A symphony occurred that night. I remember it well. Countless crickets sadly chirping a tune for my broken heart. Nightingales, their presence hidden in the dark shadows of the thicket, sang their beautiful song for their partners, giving ambience to the melancholy of my soul. The stars, glistening in the heavens above, brought a light to the black night, but they couldn't touch the sorrow in my tear filled eyes.
"Naruto-kun?" Twisting my head aside as the voice rang out, I gazed into the darkness, a shadowy silhouette appearing from behind a tree. The shining moon giving light to only the clearing where I sat, I remained quiet, my mind wishing whoever it was to leave me be, but my curiosity silently begging the person to reveal himself. "W-why are you all a-alone o-out here?" The voice, ringing with the sweet sound of the voice of an angel, I no longer needed to see who it was. Brushing the tears out of my eyes with my arm, I returned my gaze to the ground before my feet.
"What do you want, Hinata?" My cold exterior more than enough to turn any of my friends away, I was sure it would do the same to her. I didn't want to talk to anyone right now, especially someone who couldn't say more than two words without stuttering. Normally something like that wouldn't bother me in the least, but I was far from my usual self.
"I…I j-just w-wanted to ask you if…" Occasionally glancing at her out of the corner of my eye, I was slightly surprised at the sight. Instead of backing away like she usually did, like I wanted her to, she had walked out into the clearing, entirely visible in the pale, heavenly light. "…if you'd l-like to have a b-bowl of ramen with m-me." My eyes going wide, she was suddenly all that I could see. The forest around us seemed to fade in a dream like haze. One by one, the noises in the forest stopped, as if they vanished from the world. All that remained was the only thing that mattered.
"Y-you want to be alone…with me?" Her fingers pressing against each other, her eyes hidden behind her bangs, she slowly nodded once, her cheeks glowing a bright pink. Grasping the grass below me in my fists, I clenched my teeth shut tightly, keeping my thoughts from escaping through my mouth. Why was she doing this? Surely it wasn't because she wanted to be with me. Someone had to have put her up to it. Was it Neji? Was it Kiba? Who was it…?
'Because…I…don't want you to disappear…'
My ears perking up, I turned to look at her, but she hadn't moved a muscle. Did she just say that? Was I just imagining things? I could have sworn…
'When I look at you, I get this intense feeling in my heart…'
Tears stinging the corners of my eyes, I stared at this girl…the only person whom I had ever opened my heart to. The only person whom has ever seen the real me. The only person…
'…because you're not perfect…'
My cheeks becoming soaked as the sorrow in my heart gushed out, my gaze lowered from her face, only to settle on a small patch of grass between the two of us. How could I have ever forgotten those words she said to me? How could I ever doubt her? How could I?
"I-I'm sorry! I shouldn't have asked that! I'm so sorry!" Her words ringing in my ears, I looked up only to see that she had turned her back toward me, the soles of her sandals kicking up dirt as she ran from me.

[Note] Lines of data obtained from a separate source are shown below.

lemma w_steep:
  "those (map block_gt (between_blocks (\<lambda>l. fst l = GX) (omega_ab b a))) = Some (climb_word Cr a b)"
proof -
  have "block_gt (map (edge_letter b a \<circ> transpose_edge) (column_edges a b i))
      = Some (if column_climbs a b i then Cq else Cr)" for i
    by (simp add: column_edges_def edge_letter_def)
  then show ?thesis
    unfolding between_blocks_steep climb_word_def map_map comp_def by (simp add: those_map_Some)
qed

end

section \<open>The Cohn word\<close>

lemma rec_pt_vertical:
  assumes "0 < a" "0 < b"
  shows "rec_pt a b (of_int X / of_int b) = (X, line_floor a b X)"
proof -
  define y where "y = of_int (X * a) / (of_int b :: real)"
  have P: "Lpt a b (of_int X / of_int b) = (of_int X, y)" using assms by (simp add: Lpt_def y_def)
  have right: "on_right a b (of_int X, c) \<longleftrightarrow> c < y" for c
    using assms by (simp add: on_right_def y_def field_simps)
  have y: "line_floor a b X = \<lfloor>y\<rfloor>" unfolding y_def line_floor_def
    by (rule floor_divide_of_int_eq[symmetric])
  have "of_int \<lceil>y\<rceil> = y \<or> \<not> of_int \<lceil>y\<rceil> < y" by (simp add: not_less le_of_int_ceiling)
  moreover have "of_int \<lfloor>y\<rfloor> = y \<or> of_int \<lfloor>y\<rfloor> < y" using of_int_floor_le[of y] by linarith
  moreover have "\<lfloor>y\<rfloor> = \<lceil>y\<rceil>" if "of_int \<lceil>y\<rceil> = y" by (metis floor_of_int that)
  ultimately show ?thesis
    unfolding rec_pt_def Let_def P y by (intro the_equality) (auto simp: right)
qed

lemma rec_pt_horizontal:
  assumes "0 < a" "0 < b"
  shows "rec_pt a b (of_int Y / of_int a) = (line_ceiling b a Y, Y)"
proof -
  define x where "x = of_int (Y * b) / (of_int a :: real)"
  have P: "Lpt a b (of_int Y / of_int a) = (x, of_int Y)" using assms by (simp add: Lpt_def x_def)
  have right: "on_right a b (c, of_int Y) \<longleftrightarrow> x < c" for c
    using assms by (simp add: on_right_def x_def field_simps)
  have x: "line_ceiling b a Y = \<lceil>x\<rceil>" unfolding x_def line_ceiling_def
    by (rule ceiling_divide_eq_div[symmetric])
  show ?thesis
  proof (cases "x \<in> \<int>")
    case True
    then obtain k where "x = of_int k" by (elim Ints_cases)
    then show ?thesis unfolding rec_pt_def Let_def P x by (intro the_equality) auto
  next
    case False
    then have "of_int \<lfloor>x\<rfloor> < x" "x < of_int \<lceil>x\<rceil>"
      by (metis Ints_of_int floor_correct order_le_imp_less_or_eq,
          metis Ints_of_int ceiling_correct order_le_imp_less_or_eq)
    then show ?thesis unfolding rec_pt_def Let_def P x using False
      by (intro the_equality) (auto simp: right)
  qed
qed

lemma grid_params_swap: "grid_params b a = grid_params a b"
  unfolding grid_params_def by auto

lemma unit_grid_coordinate:
  fixes x :: real
  assumes "0 < c" "0 \<le> x" "x \<le> 1" "x * of_int c = of_int k"
  shows "x = of_int k / of_int c \<and> 0 \<le> k \<and> k \<le> c"
proof -
  have "0 \<le> x * of_int c" "x * of_int c \<le> of_int c"
    using assms(1-3) by (simp_all add: mult_left_le_one_le)
  then show ?thesis using assms(1,4) by (simp add: eq_divide_eq)
qed

definition column_grid_params :: "int \<Rightarrow> int \<Rightarrow> int \<Rightarrow> real list" where
  "column_grid_params a b i =
    (if column_climbs a b i then [of_int (line_floor a b i + 1) / of_int a] else [])
    @ [of_int (i + 1) / of_int b]"

definition grid_param_list :: "int \<Rightarrow> int \<Rightarrow> real list" where
  "grid_param_list a b = 0 # concat (map (\<lambda>n. column_grid_params a b (int n)) [0..<nat b])"

lemma cohn_ab_of_points:
  assumes "cohn_points a b = map g [0..<Suc n]"
  shows "cohn_ab a b = those (map (\<lambda>i. seg_letter (g i) (g (Suc i))) [0..<n])"
proof -
  have "zip (map g [0..<Suc n]) (tl (map g [0..<Suc n])) = map (\<lambda>i. (g i, g (Suc i))) [0..<n]"
    by (rule nth_equalityI) (auto simp: nth_tl simp del: upt_Suc)
  then show ?thesis unfolding cohn_ab_def Let_def assms by (simp add: comp_def)
qed

lemma seg_letter_right_step:
  "y \<le> y' \<Longrightarrow> y' \<le> y + 1 \<Longrightarrow> seg_letter (x, y) (x + 1, y') = Some (if y' = y then Cp else Cq)"
  by (auto simp: seg_letter_def Let_def)

lemma seg_letter_up_step:
  "x \<le> x' \<Longrightarrow> x' \<le> x + 1 \<Longrightarrow> seg_letter (x, y) (x', y + 1) = Some (if x' = x then Cr else Cq)"
  by (auto simp: seg_letter_def Let_def)

context proper_fraction
begin

lemma grid_param_vertical:
  assumes "0 \<le> k" "k \<le> b"
  shows "of_int k / of_int b \<in> grid_params a b"
  using assms denom_pos unfolding grid_params_def by simp

lemma climbing_grid_param:
  assumes "0 \<le> i" "i < b" "column_climbs a b i"
  shows "real_of_int i / of_int b < of_int (line_floor a b i + 1) / of_int a"
    "of_int (line_floor a b i + 1) / of_int a < real_of_int (i + 1) / of_int b"
    "of_int (line_floor a b i + 1) / of_int a \<in> grid_params a b"
proof -
  let ?j = "line_floor a b i + 1"
  have "i * a < ?j * b" "?j * b < (i + 1) * a"
    using climbing_column_crossing[OF assms(1,3)] by simp_all
  moreover have "0 \<le> ?j" "?j \<le> a" using line_floor_column_bounds[OF assms(1,2)] by simp_all
  ultimately show "real_of_int i / of_int b < of_int ?j / of_int a"
    "of_int ?j / of_int a < real_of_int (i + 1) / of_int b" "of_int ?j / of_int a \<in> grid_params a b"
    using pos denom_pos by (simp_all add: frac_less_frac_iff grid_params_def del: of_int_add)
qed

lemma column_grid_params_bounds:
  assumes "0 \<le> i" "i < b" "x \<in> set (column_grid_params a b i)"
  shows "of_int i / of_int b < x \<and> x \<le> of_int (i + 1) / of_int b \<and> x \<in> grid_params a b"
proof -
  have "of_int i / of_int b < real_of_int (i + 1) / of_int b"
    using denom_pos by (simp add: divide_strict_right_mono)
  moreover have "of_int (i + 1) / of_int b \<in> grid_params a b"
    using assms by (intro grid_param_vertical) auto
  ultimately show ?thesis
    using assms(3) climbing_grid_param[OF assms(1,2)] unfolding column_grid_params_def
    by (auto split: if_splits)
qed

lemma column_grid_params_sorted:
  assumes "0 \<le> i" "i < b"
  shows "sorted_wrt (<) (column_grid_params a b i)"
  using climbing_grid_param(2)[OF assms] by (simp add: column_grid_params_def)

lemma grid_param_list_sorted: "sorted_wrt (<) (grid_param_list a b)"
proof -
  have "sorted_wrt (\<lambda>x y. id x < id y)
      (concat (map (\<lambda>n. column_grid_params a b (int n)) [0..<nat b]))"
  proof (rule sorted_wrt_concat_separated[where lo = "\<lambda>k. of_int (int k) / of_int b"])
    fix k assume "k < nat b"
    then show "sorted_wrt (\<lambda>x y. id x < id y) (column_grid_params a b (int k))"
      using column_grid_params_sorted[of "int k"] by simp
  next
    fix k x assume "k < nat b" "x \<in> set (column_grid_params a b (int k))"
    then show "of_int (int k) / of_int b < id x \<and> id x \<le> of_int (int (Suc k)) / of_int b"
      using column_grid_params_bounds[of "int k" x] by (simp add: add.commute)
  next
    show "mono (\<lambda>k. real_of_int (int k) / real_of_int b)"
      using denom_pos by (auto intro!: monoI divide_right_mono)
  qed
  moreover have "0 < x"
    if x: "x \<in> set (concat (map (\<lambda>n. column_grid_params a b (int n)) [0..<nat b]))" for x
  proof -
    obtain k where "k < nat b" "x \<in> set (column_grid_params a b (int k))" using x by auto
    then have "of_int (int k) / of_int b < x" using column_grid_params_bounds[of "int k" x] by simp
    moreover have "0 \<le> real_of_int (int k) / of_int b" using denom_pos by simp
    ultimately show "0 < x" by linarith
  qed
  ultimately show ?thesis unfolding grid_param_list_def by simp
qed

"Hinata! Wait!" My hand reaching out toward her, I felt as if the only light left in my world was leaving me. If she left now…I would be alone…alone in this darkness…this void of sorrow…this…this hell. Even if it was what I had prayed for only a moment ago, it was the last thing I wanted now.
My words had stopped her before she reached the shadows of the forest. Her back still toward me, I could see her visibly shaking, her shoulders shuddering, her knees quavering. As the seconds crawled by, my heart beat slower as it dropped further in my chest, as if I could feel her pain added to my own…but…why was she hurting?
"I should be the one who's sorry. I…my mind…I wasn't thinking clearly…"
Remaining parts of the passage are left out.